A digitalização de documentos ajuda empresas a reduzir arquivos físicos, acelerar consultas e compartilhar informações com equipes em diferentes locais. Porém, transformar uma folha em PDF não basta para que a cópia digital produza os mesmos efeitos legais do original. A validade depende de um processo capaz de preservar autenticidade, integridade, legibilidade e rastreabilidade.
Essa diferença merece atenção de empresários, profissionais de RH, administradores e equipes de TI que lidam com contratos, fichas e registros internos. Com procedimentos adequados, a empresa ganha eficiência sem criar um novo risco documental. Entenda os requisitos legais e veja como estruturar uma digitalização segura.
Sumário
ToggleO que é digitalização de documentos?
Digitalização de documentos é o processo de converter um documento físico em uma representação digital, seguindo critérios que permitam comprovar sua fidelidade ao original. A atividade vai além da captura da imagem: inclui preparação, conferência, indexação, autenticação, armazenamento e preservação.
Na prática, o escaneamento comum gera uma cópia útil para consulta ou envio. Já a digitalização oficial preserva os efeitos legais do documento físico quando atende aos requisitos aplicáveis. Essa distinção evita que a empresa descarte um original com base em um arquivo incompleto, ilegível ou sem elementos capazes de demonstrar sua origem e integridade.
O que o Decreto nº 10.278/2020 determina?

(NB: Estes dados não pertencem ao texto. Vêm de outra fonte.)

text \<open>Augmented chain complex: the empty simplex is the unique (-1)-simplex.
  Chains of level j are real functions supported on simplices with j vertices
  (i.e. of dimension j-1). Orientation is induced by the linear order on vertices.\<close>

definition chains :: "'v set set \<Rightarrow> nat \<Rightarrow> ('v set \<Rightarrow> real) set" where
  "chains X j = {c. \<forall>\<sigma>. c \<sigma> \<noteq> 0 \<longrightarrow> \<sigma> \<in> insert {} X \<and> card \<sigma> = j}"

definition bdry :: "'v::linorder set set \<Rightarrow> ('v set \<Rightarrow> real) \<Rightarrow> ('v set \<Rightarrow> real)" where
  "bdry X c = (\<lambda>\<tau>. \<Sum>x\<in>(\<Union>X) - \<tau>.
      (-1) ^ card {y\<in>insert x \<tau>. y < x} * c (insert x \<tau>))"

definition rscale :: "real \<Rightarrow> ('v set \<Rightarrow> real) \<Rightarrow> ('v set \<Rightarrow> real)" where
  "rscale r c = (\<lambda>\<sigma>. r * c \<sigma>)"

text \<open>dim of reduced homology in degree j-1: dim (ker \<partial>_j / im \<partial>_(j+1)),
  written as dim ker - dim im (the image lies in the kernel).\<close>
definition reduced_betti :: "'v::linorder set set \<Rightarrow> nat \<Rightarrow> nat" where
  "reduced_betti X j =
     vector_space.dim rscale {c \<in> chains X j. bdry X c = 0}
     - vector_space.dim rscale (bdry X ` chains X (Suc j))"

text \<open>A PL function is determined by its vertex values; F t w = f_t(w).\<close>

definition lower_link :: "'v set set \<Rightarrow> (real \<Rightarrow> 'v \<Rightarrow> real) \<Rightarrow> real \<Rightarrow> 'v \<Rightarrow> 'v set set" where
  "lower_link K F t w = {\<tau>\<in>link K w. \<forall>x\<in>\<tau>. F t x \<le> F t w}"

text \<open>beta_i^t(w) = dim H~_(i-1)(Lk_t^-(w)); level i chains are (i-1)-simplices.\<close>
definition betti_t :: "'v::linorder set set \<Rightarrow> (real \<Rightarrow> 'v \<Rightarrow> real) \<Rightarrow> real \<Rightarrow> 'v \<Rightarrow> nat \<Rightarrow> nat" where
  "betti_t K F t w i = reduced_betti (lower_link K F t w) i"

definition PL_family :: "'v set set \<Rightarrow> (real \<Rightarrow> 'v \<Rightarrow> real) \<Rightarrow> bool" where
  "PL_family K F \<longleftrightarrow> (\<forall>w\<in>vertices K. continuous_on {0..1} (\<lambda>t. F t w))"

definition generic_family :: "'v set set \<Rightarrow> (real \<Rightarrow> 'v \<Rightarrow> real) \<Rightarrow> bool" where
  "generic_family K F \<longleftrightarrow> PL_family K F \<and>
     finite {(t, F t a) | t a b. t \<in> {0..1} \<and> a \<in> vertices K \<and> b \<in> vertices K \<and> a \<noteq> b \<and> F t a = F t b} \<and>
     (\<forall>t\<in>{0..1}. \<forall>a\<in>vertices K. \<forall>b\<in>vertices K. a \<noteq> b \<and> F t a = F t b \<longrightarrow>
        0 < t \<and> t < 1 \<and>
        (\<forall>a'\<in>vertices K. \<forall>b'\<in>vertices K. a' \<noteq> b' \<and> F t a' = F t b' \<longrightarrow> {a', b'} = {a, b}))"

end

theory Submission
  imports Defs "HOL-Homology.Invariance_of_Domain"
begin

text \<open>By the Euler-Poincare formula for the augmented simplicial chain complex, the alternating sum
  of the reduced Betti numbers of a lower link equals the alternating count of its simplices,
  the empty simplex included. The sum may stop at d: the link of a vertex is a (d-1)-sphere,
  which by invariance of domain contains no simplex with more than d vertices.

  On [t1, t2] no vertex other than u and v changes sides with respect to u or v. Hence from
  t1 to t2 the lower link of v loses exactly its simplices containing u, and the lower link
  of u gains exactly the simplices containing v. Exchanging u and v is a bijection between
  these two families that preserves the number of vertices, so the two alternating counts
  change by opposite amounts.\<close>

section \<open>Rank-nullity for subspaces of arbitrary vector spaces\<close>

lemma (in vector_space) span_inter_span_diff_independent:
  assumes B: "independent B" "finite B" and AB: "A \<subseteq> B"
    and x: "x \<in> span A" "x \<in> span (B - A)"
  shows "x = 0"
proof -
  have fin: "finite A" "finite (B - A)" using B(2) AB finite_subset by auto
  obtain a where a: "x = (\<Sum>b\<in>A. a b *s b)" using x(1) span_finite[OF fin(1)] by auto
  obtain c where c: "x = (\<Sum>b\<in>B - A. c b *s b)" using x(2) span_finite[OF fin(2)] by auto
  define e where "e b = (if b \<in> A then a b else - c b)" for b
  have "(\<Sum>b\<in>B. e b *s b) = (\<Sum>b\<in>A. e b *s b) + (\<Sum>b\<in>B - A. e b *s b)"
    using sum.subset_diff[OF AB B(2)] by (simp add: add.commute)
  also have "(\<Sum>b\<in>A. e b *s b) = x" unfolding a e_def by simp
  also have "(\<Sum>b\<in>B - A. e b *s b) = - x" unfolding c e_def by (simp add: sum_negf)
  finally have "\<forall>b\<in>A. e b = 0"
    using independentD[OF B(1) B(2) subset_refl] AB by auto
  then show ?thesis unfolding a e_def by simp
qed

O Decreto nº 10.278/2020 regulamenta a digitalização de documentos públicos e privados para que as versões digitais produzam os mesmos efeitos legais dos originais. O processo deve assegurar integridade e confiabilidade, rastreabilidade e auditabilidade, qualidade da imagem, confidencialidade quando necessária e interoperabilidade entre os sistemas usados para armazenar e disponibilizar os arquivos.
Quando o documento envolver uma pessoa jurídica de direito público, a digitalização deve empregar assinatura digital no padrão da Infraestrutura de Chaves Públicas Brasileira (ICP-Brasil), seguir os padrões técnicos mínimos e conter os metadados exigidos. Nas relações entre particulares, os requisitos podem ser definidos por acordo prévio entre as partes, sem prejuízo das regras legais aplicáveis ao documento.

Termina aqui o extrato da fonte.